▸ **Assignment**: Starting at the line with "(root T (zero" and going on through the line with "using fin_T fin_U finite_preds[OF", reproduce each line in the records below exactly and nothing more.
-- Opening Marker --
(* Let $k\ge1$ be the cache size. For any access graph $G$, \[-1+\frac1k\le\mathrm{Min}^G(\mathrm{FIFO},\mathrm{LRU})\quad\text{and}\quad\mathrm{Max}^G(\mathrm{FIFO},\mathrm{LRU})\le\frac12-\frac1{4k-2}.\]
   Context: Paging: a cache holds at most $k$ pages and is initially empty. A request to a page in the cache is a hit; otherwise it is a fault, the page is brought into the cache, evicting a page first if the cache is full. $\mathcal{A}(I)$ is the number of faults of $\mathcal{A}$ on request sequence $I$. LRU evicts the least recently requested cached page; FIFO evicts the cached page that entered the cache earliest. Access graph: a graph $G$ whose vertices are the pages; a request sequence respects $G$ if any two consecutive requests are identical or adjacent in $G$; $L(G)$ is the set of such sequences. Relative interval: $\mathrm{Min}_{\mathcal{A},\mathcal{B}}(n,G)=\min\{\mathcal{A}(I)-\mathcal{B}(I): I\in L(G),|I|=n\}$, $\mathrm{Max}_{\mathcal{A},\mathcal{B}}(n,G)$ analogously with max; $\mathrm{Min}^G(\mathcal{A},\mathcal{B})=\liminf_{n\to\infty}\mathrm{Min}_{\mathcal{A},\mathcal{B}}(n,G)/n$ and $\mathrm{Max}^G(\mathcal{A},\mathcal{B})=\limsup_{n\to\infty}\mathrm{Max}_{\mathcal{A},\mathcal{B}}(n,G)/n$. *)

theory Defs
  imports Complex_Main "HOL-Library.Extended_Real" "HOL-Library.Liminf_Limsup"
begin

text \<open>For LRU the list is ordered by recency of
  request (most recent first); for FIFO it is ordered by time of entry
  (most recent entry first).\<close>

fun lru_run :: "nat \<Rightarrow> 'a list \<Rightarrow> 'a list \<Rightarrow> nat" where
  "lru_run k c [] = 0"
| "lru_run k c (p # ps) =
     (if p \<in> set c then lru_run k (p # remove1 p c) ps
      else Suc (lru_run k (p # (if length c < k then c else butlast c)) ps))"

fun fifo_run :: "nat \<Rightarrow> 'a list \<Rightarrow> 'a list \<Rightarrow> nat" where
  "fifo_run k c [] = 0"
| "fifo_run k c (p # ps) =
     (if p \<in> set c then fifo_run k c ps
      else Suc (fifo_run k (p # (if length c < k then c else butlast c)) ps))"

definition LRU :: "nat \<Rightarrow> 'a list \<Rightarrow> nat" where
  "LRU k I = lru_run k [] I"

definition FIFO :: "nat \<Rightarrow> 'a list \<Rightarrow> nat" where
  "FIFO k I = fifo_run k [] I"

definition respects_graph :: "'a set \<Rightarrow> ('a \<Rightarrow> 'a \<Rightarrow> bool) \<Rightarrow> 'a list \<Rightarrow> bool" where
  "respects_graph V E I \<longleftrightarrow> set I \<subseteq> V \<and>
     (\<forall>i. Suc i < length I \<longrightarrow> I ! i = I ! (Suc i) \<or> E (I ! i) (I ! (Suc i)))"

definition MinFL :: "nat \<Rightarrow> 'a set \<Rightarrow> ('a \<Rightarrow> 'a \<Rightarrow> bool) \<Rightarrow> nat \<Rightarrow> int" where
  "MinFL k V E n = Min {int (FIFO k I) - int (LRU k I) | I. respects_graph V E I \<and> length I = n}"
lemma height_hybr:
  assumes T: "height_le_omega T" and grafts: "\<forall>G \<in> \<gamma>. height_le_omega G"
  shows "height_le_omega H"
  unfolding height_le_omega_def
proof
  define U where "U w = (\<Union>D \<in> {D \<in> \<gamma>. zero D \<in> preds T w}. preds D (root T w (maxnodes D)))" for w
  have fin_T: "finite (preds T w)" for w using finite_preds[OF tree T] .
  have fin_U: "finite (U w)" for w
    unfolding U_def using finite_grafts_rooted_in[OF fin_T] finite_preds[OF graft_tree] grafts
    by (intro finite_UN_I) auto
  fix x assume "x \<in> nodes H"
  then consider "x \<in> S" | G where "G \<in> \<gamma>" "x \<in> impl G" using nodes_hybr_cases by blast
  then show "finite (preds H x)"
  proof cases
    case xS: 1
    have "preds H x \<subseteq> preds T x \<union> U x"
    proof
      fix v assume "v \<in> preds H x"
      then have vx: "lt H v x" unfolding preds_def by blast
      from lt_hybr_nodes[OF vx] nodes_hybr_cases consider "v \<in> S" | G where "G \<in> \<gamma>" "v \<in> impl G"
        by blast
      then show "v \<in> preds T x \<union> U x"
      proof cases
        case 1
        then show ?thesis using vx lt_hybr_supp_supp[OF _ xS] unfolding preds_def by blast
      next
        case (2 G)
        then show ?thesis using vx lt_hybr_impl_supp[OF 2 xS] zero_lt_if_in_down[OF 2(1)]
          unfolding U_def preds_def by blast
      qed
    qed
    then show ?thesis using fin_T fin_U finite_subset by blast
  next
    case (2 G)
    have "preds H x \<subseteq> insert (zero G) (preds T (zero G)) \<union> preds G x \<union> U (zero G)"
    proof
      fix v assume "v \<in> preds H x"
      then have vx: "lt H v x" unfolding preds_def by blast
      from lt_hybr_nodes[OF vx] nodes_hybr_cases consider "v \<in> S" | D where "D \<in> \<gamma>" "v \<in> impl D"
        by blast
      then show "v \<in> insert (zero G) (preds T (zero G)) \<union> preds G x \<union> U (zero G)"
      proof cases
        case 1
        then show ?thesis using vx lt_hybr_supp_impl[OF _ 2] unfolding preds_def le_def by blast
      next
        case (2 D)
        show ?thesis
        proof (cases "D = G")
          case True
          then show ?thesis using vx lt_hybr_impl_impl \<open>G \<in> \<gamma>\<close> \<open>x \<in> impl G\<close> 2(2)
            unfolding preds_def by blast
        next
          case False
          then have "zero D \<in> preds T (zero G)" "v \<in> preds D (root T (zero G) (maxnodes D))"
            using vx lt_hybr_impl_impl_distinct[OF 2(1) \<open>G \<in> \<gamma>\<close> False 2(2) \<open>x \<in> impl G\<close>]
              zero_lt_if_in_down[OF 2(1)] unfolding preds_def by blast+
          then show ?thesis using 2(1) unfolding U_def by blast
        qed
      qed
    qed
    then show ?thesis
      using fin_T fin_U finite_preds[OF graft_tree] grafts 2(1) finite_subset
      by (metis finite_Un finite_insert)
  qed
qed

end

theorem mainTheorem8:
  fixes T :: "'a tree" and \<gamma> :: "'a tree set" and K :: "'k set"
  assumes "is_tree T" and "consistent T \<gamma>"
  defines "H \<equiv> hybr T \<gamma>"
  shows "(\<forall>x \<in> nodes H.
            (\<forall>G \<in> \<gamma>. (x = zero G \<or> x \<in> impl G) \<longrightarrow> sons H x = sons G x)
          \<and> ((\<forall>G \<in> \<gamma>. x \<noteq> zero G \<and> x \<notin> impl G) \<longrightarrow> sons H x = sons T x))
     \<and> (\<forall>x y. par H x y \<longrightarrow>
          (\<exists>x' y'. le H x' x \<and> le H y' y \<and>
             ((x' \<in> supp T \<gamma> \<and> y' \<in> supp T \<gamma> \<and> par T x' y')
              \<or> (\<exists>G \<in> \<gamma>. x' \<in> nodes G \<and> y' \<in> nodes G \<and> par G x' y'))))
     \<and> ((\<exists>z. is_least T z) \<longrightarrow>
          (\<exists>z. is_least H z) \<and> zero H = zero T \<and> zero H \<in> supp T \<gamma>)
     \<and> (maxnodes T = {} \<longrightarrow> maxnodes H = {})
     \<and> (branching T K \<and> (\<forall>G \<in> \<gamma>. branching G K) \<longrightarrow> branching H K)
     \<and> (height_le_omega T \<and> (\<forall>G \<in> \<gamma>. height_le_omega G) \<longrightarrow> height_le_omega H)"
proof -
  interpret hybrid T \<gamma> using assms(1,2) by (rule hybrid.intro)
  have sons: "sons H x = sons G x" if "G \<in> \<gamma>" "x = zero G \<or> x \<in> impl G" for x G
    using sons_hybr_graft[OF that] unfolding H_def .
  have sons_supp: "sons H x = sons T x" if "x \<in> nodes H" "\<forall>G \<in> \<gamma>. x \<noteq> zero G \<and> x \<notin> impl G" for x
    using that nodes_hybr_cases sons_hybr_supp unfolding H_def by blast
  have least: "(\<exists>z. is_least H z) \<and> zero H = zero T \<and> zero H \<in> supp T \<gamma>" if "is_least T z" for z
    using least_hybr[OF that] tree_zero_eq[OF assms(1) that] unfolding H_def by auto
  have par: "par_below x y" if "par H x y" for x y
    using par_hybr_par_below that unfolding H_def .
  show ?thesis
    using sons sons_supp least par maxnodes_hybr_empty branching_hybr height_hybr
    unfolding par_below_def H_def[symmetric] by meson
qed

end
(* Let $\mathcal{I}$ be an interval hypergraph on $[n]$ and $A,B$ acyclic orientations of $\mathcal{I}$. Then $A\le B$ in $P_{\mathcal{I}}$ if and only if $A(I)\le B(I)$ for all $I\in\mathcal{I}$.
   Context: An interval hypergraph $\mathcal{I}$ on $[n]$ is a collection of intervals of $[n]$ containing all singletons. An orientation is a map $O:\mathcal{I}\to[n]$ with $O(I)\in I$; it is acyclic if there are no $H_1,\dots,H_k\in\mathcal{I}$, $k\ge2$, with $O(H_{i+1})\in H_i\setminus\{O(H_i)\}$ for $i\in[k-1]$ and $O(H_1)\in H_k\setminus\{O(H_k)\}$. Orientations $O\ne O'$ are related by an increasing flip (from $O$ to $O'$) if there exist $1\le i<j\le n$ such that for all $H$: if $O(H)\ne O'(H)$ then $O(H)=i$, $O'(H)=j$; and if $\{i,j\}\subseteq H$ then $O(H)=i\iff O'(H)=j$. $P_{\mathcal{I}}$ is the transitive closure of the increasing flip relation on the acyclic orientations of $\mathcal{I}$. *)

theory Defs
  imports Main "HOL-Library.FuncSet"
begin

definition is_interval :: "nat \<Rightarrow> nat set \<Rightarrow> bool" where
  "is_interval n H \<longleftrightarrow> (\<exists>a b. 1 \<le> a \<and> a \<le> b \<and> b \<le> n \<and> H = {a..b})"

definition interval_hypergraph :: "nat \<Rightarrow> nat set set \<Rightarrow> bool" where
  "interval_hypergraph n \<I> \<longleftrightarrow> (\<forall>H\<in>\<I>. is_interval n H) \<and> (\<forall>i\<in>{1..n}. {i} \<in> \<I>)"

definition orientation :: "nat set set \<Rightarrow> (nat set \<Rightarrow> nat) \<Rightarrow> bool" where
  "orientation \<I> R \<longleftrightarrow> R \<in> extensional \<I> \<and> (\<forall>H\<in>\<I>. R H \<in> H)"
-- Closing Marker --
▸ **Your response**:
          then have "zero D \<in> preds T (zero G)" "v \<in> preds D (root T (zero G) (maxnodes D))"
            using vx lt_hybr_impl_impl_distinct[OF 2(1) \<open>G \<in> \<gamma>\<close> False 2(2) \<open>x \<in> impl G\<close>]
              zero_lt_if_in_down[OF 2(1)] unfolding preds_def by blast+
          then show ?thesis using 2(1) unfolding U_def by blast
        qed
      qed
    qed
    then show ?thesis
      using fin_T fin_U finite_preds[OF graft_tree] grafts 2(1) finite_subset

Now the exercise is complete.